Lastly, we need to clean up salary data. 

1. Only a small number of the scraped results have salary information - only these will be used for modeling.
1. Some of the salaries are not yearly but hourly or weekly, these will not be useful to us for now.
1. Some of the entries may be duplicated.
1. The salaries are given as text and usually with ranges.

#### Find the entries with annual salary entries, by filtering the entries without salaries or salaries that are not yearly (filter those that refer to hour or week). Also, remove duplicate entries.

In [None]:
## YOUR CODE HERE

#### Write a function that takes a salary string and converts it to a number, averaging a salary range if necessary.

In [None]:
## YOUR CODE HERE

### Save your results as a CSV

In [None]:
## YOUR CODE HERE

### Load in the the data of scraped salaries

In [None]:
## YOUR CODE HERE

### We want to predict a binary variable - whether the salary was low or high. Compute the median salary and create a new binary variable that is true when the salary is high (above the median).

We could also perform Linear Regression (or any regression) to predict the salary value here. Instead, we are going to convert this into a _binary_ classification problem, by predicting two classes, HIGH vs LOW salary.

While performing regression may be better, performing classification may help remove some of the noise of the extreme salaries. We don't have to choose the `median` as the splitting point - we could also split on the 75th percentile or any other reasonable breaking point.

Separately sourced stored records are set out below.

lemma infdist_closest_point_le:
  assumes p: "p \<in> Xstar"
  shows "infdist (closest_point Q y) Xstar \<le> dist y p"
proof -
  have "p \<in> Q" using p Xstar_eq by blast
  have "infdist (closest_point Q y) Xstar \<le> dist (closest_point Q y) (closest_point Q p)"
    using infdist_le[OF p] closest_point_self[OF \<open>p \<in> Q\<close>] by simp
  also have "\<dots> \<le> dist y p"
    by (rule closest_point_lipschitz[OF Q_convex Q_closed Q_ne])
  finally show ?thesis .
qed

lemma borel_measurable_fval: "fval \<in> borel_measurable borel"
proof -
  have "f \<in> borel_measurable borel"
    by (rule borel_measurableI_le) (use lsc in \<open>auto simp: ereal_lsc_def\<close>)
  then show ?thesis unfolding fval_def by measurable
qed

lemma measurable_step_sq_dist:
  "(\<lambda>(x, \<xi>). ennreal ((infdist (closest_point Q (x - a *\<^sub>R g x \<xi>)) Xstar)\<^sup>2))
     \<in> borel_measurable (borel \<Otimes>\<^sub>M D)"
proof -
  have "(\<lambda>p. fst p - a *\<^sub>R g (fst p) (snd p)) \<in> borel_measurable (borel \<Otimes>\<^sub>M D)"
    using g_meas by (simp add: case_prod_beta') measurable
  moreover have "continuous_on UNIV (\<lambda>y. (infdist (closest_point Q y) Xstar)\<^sup>2)"
    by (intro continuous_on_power continuous_on_compose2[OF continuous_on_infdist]
        continuous_on_closest_point[OF Q_convex Q_closed Q_ne] continuous_on_id) auto
  ultimately have "(\<lambda>p. (infdist (closest_point Q (fst p - a *\<^sub>R g (fst p) (snd p))) Xstar)\<^sup>2)
      \<in> borel_measurable (borel \<Otimes>\<^sub>M D)"
    by (rule borel_measurable_continuous_on[rotated])
  then show ?thesis by (simp add: case_prod_beta') measurable
qed

lemma psgd_in_Q: "X k \<omega> \<in> Q"
  by (rule psgd_in_set[OF Q_closed Q_ne x0_Q])

lemma measurable_psgd_paths: "(\<lambda>\<omega>. X k \<omega>) \<in> borel_measurable paths"
  by (rule measurable_psgd[OF g_meas Q_convex Q_closed Q_ne]) simp

lemma avg_weight_pos: "0 < avg_weight k"
  using qg_step_size_L1_less[OF mu_pos, of L1 k] by simp

lemma borel_measurable_weighted_gap:
  "(\<lambda>\<omega>. ennreal (avg_weight k * (fval (X k \<omega>) - fstar))) \<in> borel_measurable paths"
  using measurable_comp[OF measurable_psgd_paths borel_measurable_fval] by (simp add: comp_def)

lemma borel_measurable_sq_dist:
  "(\<lambda>\<omega>. ennreal ((infdist (X k \<omega>) Xstar)\<^sup>2)) \<in> borel_measurable paths"
proof -
  have "(\<lambda>\<omega>. (infdist (X k \<omega>) Xstar)\<^sup>2) \<in> borel_measurable paths"
    by (rule borel_measurable_continuous_on[OF _ measurable_psgd_paths])
       (intro continuous_on_power continuous_on_infdist continuous_on_id; simp)
  then show ?thesis by measurable
qed

text \<open>The one-step estimate, conditioned on \<open>x\<^sub>k = x\<close>: the subgradient inequality at a nearest
  minimizer \<open>p\<close> controls the cross term, quadratic growth the remaining gap.\<close>
lemma expected_step_bound:
  assumes x: "x \<in> Q"
  shows "(\<integral>\<^sup>+\<xi>. ennreal (avg_weight k * (fval x - fstar)) + ennreal (dist_weight (Suc k))
             * ennreal ((infdist (closest_point Q (x - stepsize k *\<^sub>R g x \<xi>)) Xstar)\<^sup>2) \<partial>D)
         \<le> ennreal (dist_weight k * (infdist x Xstar)\<^sup>2 + (real k + 1) * stepsize k * L0\<^sup>2)"
proof -
  interpret D: prob_space D by (rule D_prob)
  obtain p where p: "p \<in> Xstar" and "infdist x Xstar = dist x p"
    using infdist_attains_inf[OF closed_Xstar Xstar_ne] by blast
  then have dp: "infdist x Xstar = norm (x - p)" by (simp add: dist_norm)
  define e where "e = fval x - fstar"
  define s where "s = (x - p) \<bullet> (\<integral>\<xi>. g x \<xi> \<partial>D)"
  define Z where "Z = (norm (x - p))\<^sup>2 - 2 * stepsize k * s + (stepsize k)\<^sup>2 * (L0\<^sup>2 + L1 * e)"
  define h where "h \<xi> = ennreal ((infdist (closest_point Q (x - stepsize k *\<^sub>R g x \<xi>)) Xstar)\<^sup>2)" for \<xi>
  have e_nonneg: "0 \<le> e" unfolding e_def by (rule fval_gap_nonneg[OF x])
  have gx: "g x \<in> borel_measurable D" using measurable_Pair2[OF g_meas, of x] by simp
  have gi: "integrable D (g x)" using g_int x by blast
  have mom: "(\<integral>\<^sup>+\<xi>. ennreal ((norm (g x \<xi>))\<^sup>2) \<partial>D) \<le> ennreal (L0\<^sup>2 + L1 * e)"
    using g_second_moment x unfolding e_def fval_def by blast
  have "0 \<le> L0\<^sup>2 + L1 * e" using e_nonneg L1_nonneg by simp
  note sq_step = nn_integral_norm_sq_diff_le[OF D_prob gx gi mom this, of "x - p" "stepsize k"]
  have "h \<xi> \<le> ennreal ((norm (x - p - stepsize k *\<^sub>R g x \<xi>))\<^sup>2)" for \<xi>
  proof -
    have "infdist (closest_point Q (x - stepsize k *\<^sub>R g x \<xi>)) Xstar \<le> dist (x - stepsize k *\<^sub>R g x \<xi>) p"
      by (rule infdist_closest_point_le[OF p])
    also have "\<dots> = norm (x - p - stepsize k *\<^sub>R g x \<xi>)"
      by (simp add: dist_norm algebra_simps)
    finally show ?thesis
      unfolding h_def by (intro ennreal_leI power_mono[OF _ infdist_nonneg])
  qed
  then have "integral\<^sup>N D h \<le> (\<integral>\<^sup>+\<xi>. ennreal ((norm (x - p - stepsize k *\<^sub>R g x \<xi>))\<^sup>2) \<partial>D)"
    by (rule nn_integral_mono)
  also have "\<dots> \<le> ennreal Z" unfolding Z_def s_def by (rule sq_step(1))
  finally have h_le: "integral\<^sup>N D h \<le> ennreal Z" .
  have h_meas: "h \<in> borel_measurable D"
    using measurable_Pair2[OF measurable_step_sq_dist, of x] unfolding h_def by simp
  have "(\<integral>\<^sup>+\<xi>. ennreal (avg_weight k * e) + ennreal (dist_weight (Suc k)) * h \<xi> \<partial>D)
      = ennreal (avg_weight k * e) + ennreal (dist_weight (Suc k)) * integral\<^sup>N D h"
    using h_meas by (simp add: nn_integral_add nn_integral_cmult D.emeasure_space_1)
  also have "\<dots> \<le> ennreal (avg_weight k * e) + ennreal (dist_weight (Suc k)) * ennreal Z"
    by (intro add_left_mono mult_left_mono h_le) simp
  also have "\<dots> = ennreal (avg_weight k * e + dist_weight (Suc k) * Z)"
  proof -
    have "0 \<le> avg_weight k * e" using avg_weight_pos[of k] e_nonneg by simp
    moreover have "0 \<le> dist_weight (Suc k)" by (rule qg_dist_weight_nonneg[OF mu_pos])
    moreover have "0 \<le> Z" unfolding Z_def s_def by (rule sq_step(2))
    ultimately show ?thesis by (simp add: ennreal_mult)
  qed
  also have "\<dots> \<le> ennreal (dist_weight k * (infdist x Xstar)\<^sup>2 + (real k + 1) * stepsize k * L0\<^sup>2)"
  proof (rule ennreal_leI)
    have K: "0 < real k + 1" by simp
    have a: "0 < stepsize k" by (rule qg_step_size_pos[OF mu_pos])
    have gap: "e \<le> s" unfolding e_def s_def by (rule fval_gap_le_inner[OF x p])
    have qg: "\<mu> / 2 * (norm (x - p))\<^sup>2 \<le> e"
      using fval_quadratic_growth[OF x] unfolding e_def dp by linarith
    show "avg_weight k * e + dist_weight (Suc k) * Z
        \<le> dist_weight k * (infdist x Xstar)\<^sup>2 + (real k + 1) * stepsize k * L0\<^sup>2"
      using step_descent_inequality[OF K a gap qg, of L1 L0]
      unfolding Z_def qg_dist_weight_Suc[OF mu_pos] qg_dist_weight_eq[OF mu_pos, of L1 k] dp .
  qed
  finally show ?thesis unfolding e_def h_def .
qed
theorem proposition5p5:
  fixes X :: "'a topology" and Y :: "'b topology" and p :: "'a \<Rightarrow> 'b" and \<S> :: "'a set set"
  assumes "overlay_with X Y p \<S>"
    and "connected_space X"
  shows "overlay_action X (deck_preserving X p \<S>) \<S> \<and>
         (\<exists>q. (\<forall>x\<in>topspace X. p x = q (orbit_of (deck_preserving X p \<S>) x)) \<and>
              overlay_with (orbit_space X (deck_preserving X p \<S>)) Y q
                {orbit_of (deck_preserving X p \<S>) ` U |U. U \<in> \<S>})"
proof -
  interpret connected_overlay X Y p \<S> using assms by unfold_locales
  have "\<forall>x\<in>topspace X. p x = class_map p (orbit_of (deck_preserving X p \<S>) x)"
    using class_map_orbit_of by simp
  then show ?thesis using overlay_action_deck overlay_with_class_map by blast
qed

end
(* Let $f\in\mathcal{F}\{y_0,\ldots,y_n\}$ be a nonzero differentially homogeneous differential polynomial of degree $m$, not lying in $\mathcal{F}$, and let $\mathscr{R}$ be any ranking of $y_0,\ldots,y_n$. Then both the initial and the separant of $f$ with respect to $\mathscr{R}$ are differentially homogeneous.
   Context: $\mathcal{F}$ is an ordinary differential field with derivation $\delta$; $\mathcal{F}\{y_0,\ldots,y_n\}$ is the differential polynomial ring in the differential indeterminates $y_0,\ldots,y_n$; $y_j^{(k)}$ denotes the $k$-th derivative. A differential polynomial $f$ is differentially homogeneous of degree $m$ if, for a new differential indeterminate $t$, $f(ty_0,\ldots,ty_n)=t^m f(y_0,\ldots,y_n)$ in $\mathcal{F}\{t,y_0,\ldots,y_n\}$. For a ranking $\mathscr{R}$ (a total order on all derivatives $y_j^{(k)}$ compatible with differentiation), the leader of $f\notin\mathcal{F}$ is the highest-ranked derivative $y_i^{(o)}$ occurring in $f$; writing $f=I_f\,(y_i^{(o)})^l+\cdots$ as a polynomial in the leader, $I_f$ is the initial and $\partial f/\partial y_i^{(o)}$ is the separant. *)

theory Defs
  imports "HOL-Library.Poly_Mapping"
begin

text \<open>Derivatives of differential indeterminates: T k is t^(k), Y j k is y_j^(k).\<close>
datatype dvar = T nat | Y nat nat

fun dsucc :: "dvar \<Rightarrow> dvar" where
  "dsucc (T k) = T (Suc k)"
| "dsucc (Y j k) = Y j (Suc k)"

type_synonym 'a dpoly = "(dvar \<Rightarrow>\<^sub>0 nat) \<Rightarrow>\<^sub>0 'a"

definition is_derivation :: "('a::field \<Rightarrow> 'a) \<Rightarrow> bool" where
  "is_derivation \<delta> \<longleftrightarrow> (\<forall>a b. \<delta> (a + b) = \<delta> a + \<delta> b) \<and> (\<forall>a b. \<delta> (a * b) = a * \<delta> b + \<delta> a * b)"

definition dconst :: "'a::comm_ring_1 \<Rightarrow> 'a dpoly" where
  "dconst c = Poly_Mapping.single 0 c"

definition dX :: "dvar \<Rightarrow> 'a::comm_ring_1 dpoly" where
  "dX v = Poly_Mapping.single (Poly_Mapping.single v 1) 1"

definition dvars :: "'a::comm_ring_1 dpoly \<Rightarrow> dvar set" where
  "dvars p = (\<Union>M\<in>Poly_Mapping.keys p. Poly_Mapping.keys (M :: dvar \<Rightarrow>\<^sub>0 nat))"

definition in_Fy :: "nat \<Rightarrow> 'a::comm_ring_1 dpoly \<Rightarrow> bool" where
  "in_Fy n p \<longleftrightarrow> (\<forall>v\<in>dvars p. \<exists>j k. v = Y j k \<and> j \<le> n)"

text \<open>The derivation of F{t,y_0,...,y_n} extending \<delta>, with y^(k) mapped to y^(k+1).\<close>
definition dshift :: "dvar \<Rightarrow> (dvar \<Rightarrow>\<^sub>0 nat) \<Rightarrow> (dvar \<Rightarrow>\<^sub>0 nat)" where
  "dshift v M = M - Poly_Mapping.single v 1 + Poly_Mapping.single (dsucc v) 1"

definition dderiv_mono :: "('a::comm_ring_1 \<Rightarrow> 'a) \<Rightarrow> (dvar \<Rightarrow>\<^sub>0 nat) \<Rightarrow> 'a \<Rightarrow> 'a dpoly" where
  "dderiv_mono \<delta> M c = Poly_Mapping.single M (\<delta> c)
      + (\<Sum>v\<in>Poly_Mapping.keys M. Poly_Mapping.single (dshift v M) (of_nat (Poly_Mapping.lookup M v) * c))"

definition dderiv :: "('a::comm_ring_1 \<Rightarrow> 'a) \<Rightarrow> 'a dpoly \<Rightarrow> 'a dpoly" where
  "dderiv \<delta> p = (\<Sum>M\<in>Poly_Mapping.keys p. dderiv_mono \<delta> M (Poly_Mapping.lookup p M))"

definition dsubst :: "(dvar \<Rightarrow> 'a::comm_ring_1 dpoly) \<Rightarrow> 'a dpoly \<Rightarrow> 'a dpoly" where
  "dsubst \<sigma> p = (\<Sum>M\<in>Poly_Mapping.keys p. dconst (Poly_Mapping.lookup p M) * (\<Prod>v\<in>Poly_Mapping.keys M. \<sigma> v ^ Poly_Mapping.lookup M v))"

text \<open>The substitution y_j \<mapsto> t y_j, i.e. y_j^(k) \<mapsto> \<delta>^k (t y_j).\<close>
fun tsubst :: "('a::comm_ring_1 \<Rightarrow> 'a) \<Rightarrow> dvar \<Rightarrow> 'a dpoly" where
  "tsubst \<delta> (Y j k) = (dderiv \<delta> ^^ k) (dX (T 0) * dX (Y j 0))"
| "tsubst \<delta> (T k) = dX (T k)"

definition diff_homogeneous :: "('a::comm_ring_1 \<Rightarrow> 'a) \<Rightarrow> 'a dpoly \<Rightarrow> nat \<Rightarrow> bool" where
  "diff_homogeneous \<delta> f m \<longleftrightarrow> dsubst (tsubst \<delta>) f = dX (T 0) ^ m * f"

text \<open>A ranking of y_0..y_n, given as strict order r (r u v means u ranks lower than v).\<close>
definition is_ranking :: "nat \<Rightarrow> (dvar \<Rightarrow> dvar \<Rightarrow> bool) \<Rightarrow> bool" where
  "is_ranking n r \<longleftrightarrow>
    (let D = {Y j k | j k. j \<le> n} in
     (\<forall>u\<in>D. \<not> r u u) \<and>
     (\<forall>u\<in>D. \<forall>v\<in>D. \<forall>w\<in>D. r u v \<longrightarrow> r v w \<longrightarrow> r u w) \<and>
     (\<forall>u\<in>D. \<forall>v\<in>D. u \<noteq> v \<longrightarrow> r u v \<or> r v u) \<and>
     (\<forall>u\<in>D. r u (dsucc u)) \<and>
     (\<forall>u\<in>D. \<forall>v\<in>D. r u v \<longrightarrow> r (dsucc u) (dsucc v)))"

definition leader :: "(dvar \<Rightarrow> dvar \<Rightarrow> bool) \<Rightarrow> 'a::comm_ring_1 dpoly \<Rightarrow> dvar" where
  "leader r p = (THE u. u \<in> dvars p \<and> (\<forall>v\<in>dvars p. v \<noteq> u \<longrightarrow> r v u))"

definition var_degree :: "dvar \<Rightarrow> 'a::comm_ring_1 dpoly \<Rightarrow> nat" where
  "var_degree u p = Max ((\<lambda>M. Poly_Mapping.lookup M u) ` Poly_Mapping.keys p)"

definition lead_coeff_in :: "dvar \<Rightarrow> 'a::comm_ring_1 dpoly \<Rightarrow> 'a dpoly" where
  "lead_coeff_in u p = (let l = var_degree u p in
     (\<Sum>M\<in>{M\<in>Poly_Mapping.keys p. Poly_Mapping.lookup M u = l}. Poly_Mapping.single (M - Poly_Mapping.single u l) (Poly_Mapping.lookup p M)))"

definition partial_diff :: "dvar \<Rightarrow> 'a::comm_ring_1 dpoly \<Rightarrow> 'a dpoly" where
  "partial_diff u p = (\<Sum>M\<in>Poly_Mapping.keys p. Poly_Mapping.single (M - Poly_Mapping.single u 1) (of_nat (Poly_Mapping.lookup M u) * Poly_Mapping.lookup p M))"

definition initial :: "(dvar \<Rightarrow> dvar \<Rightarrow> bool) \<Rightarrow> 'a::comm_ring_1 dpoly \<Rightarrow> 'a dpoly" where
  "initial r p = lead_coeff_in (leader r p) p"

definition separant :: "(dvar \<Rightarrow> dvar \<Rightarrow> bool) \<Rightarrow> 'a::comm_ring_1 dpoly \<Rightarrow> 'a dpoly" where
  "separant r p = partial_diff (leader r p) p"

end

theory Submission
  imports Defs
begin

In fact, the ideal scenario may be to predict many levels of salaries.

In [None]:
## YOUR CODE HERE

#### Thought experiment: What is the baseline accuracy for this model?

In [None]:
## YOUR CODE HERE

### Create a classification model to predict High/Low salary. 


- Start by ONLY using the location as a feature.
- Use at least two different classifiers you find suitable.
- Remember that scaling your features might be necessary.
- Display the coefficients/feature importances and write a short summary of what they mean.
- Create a few new variables in your dataframe to represent interesting features of a job title (e.g. whether 'Senior' or 'Manager' is in the title).
- Incorporate other text features from the title or summary that you believe will predict the salary.
- Then build new classification models including also those features. Do they add any value?
- Tune your models by testing parameter ranges, regularization strengths, etc. Discuss how that affects your models.
- Discuss model coefficients or feature importances as applicable.

In [None]:
## YOUR CODE HERE

### Model evaluation:

Your boss would rather tell a client incorrectly that they would get a lower salary job than tell a client incorrectly that they would get a high salary job. Adjust one of your models to ease his mind, and explain what it is doing and any tradeoffs.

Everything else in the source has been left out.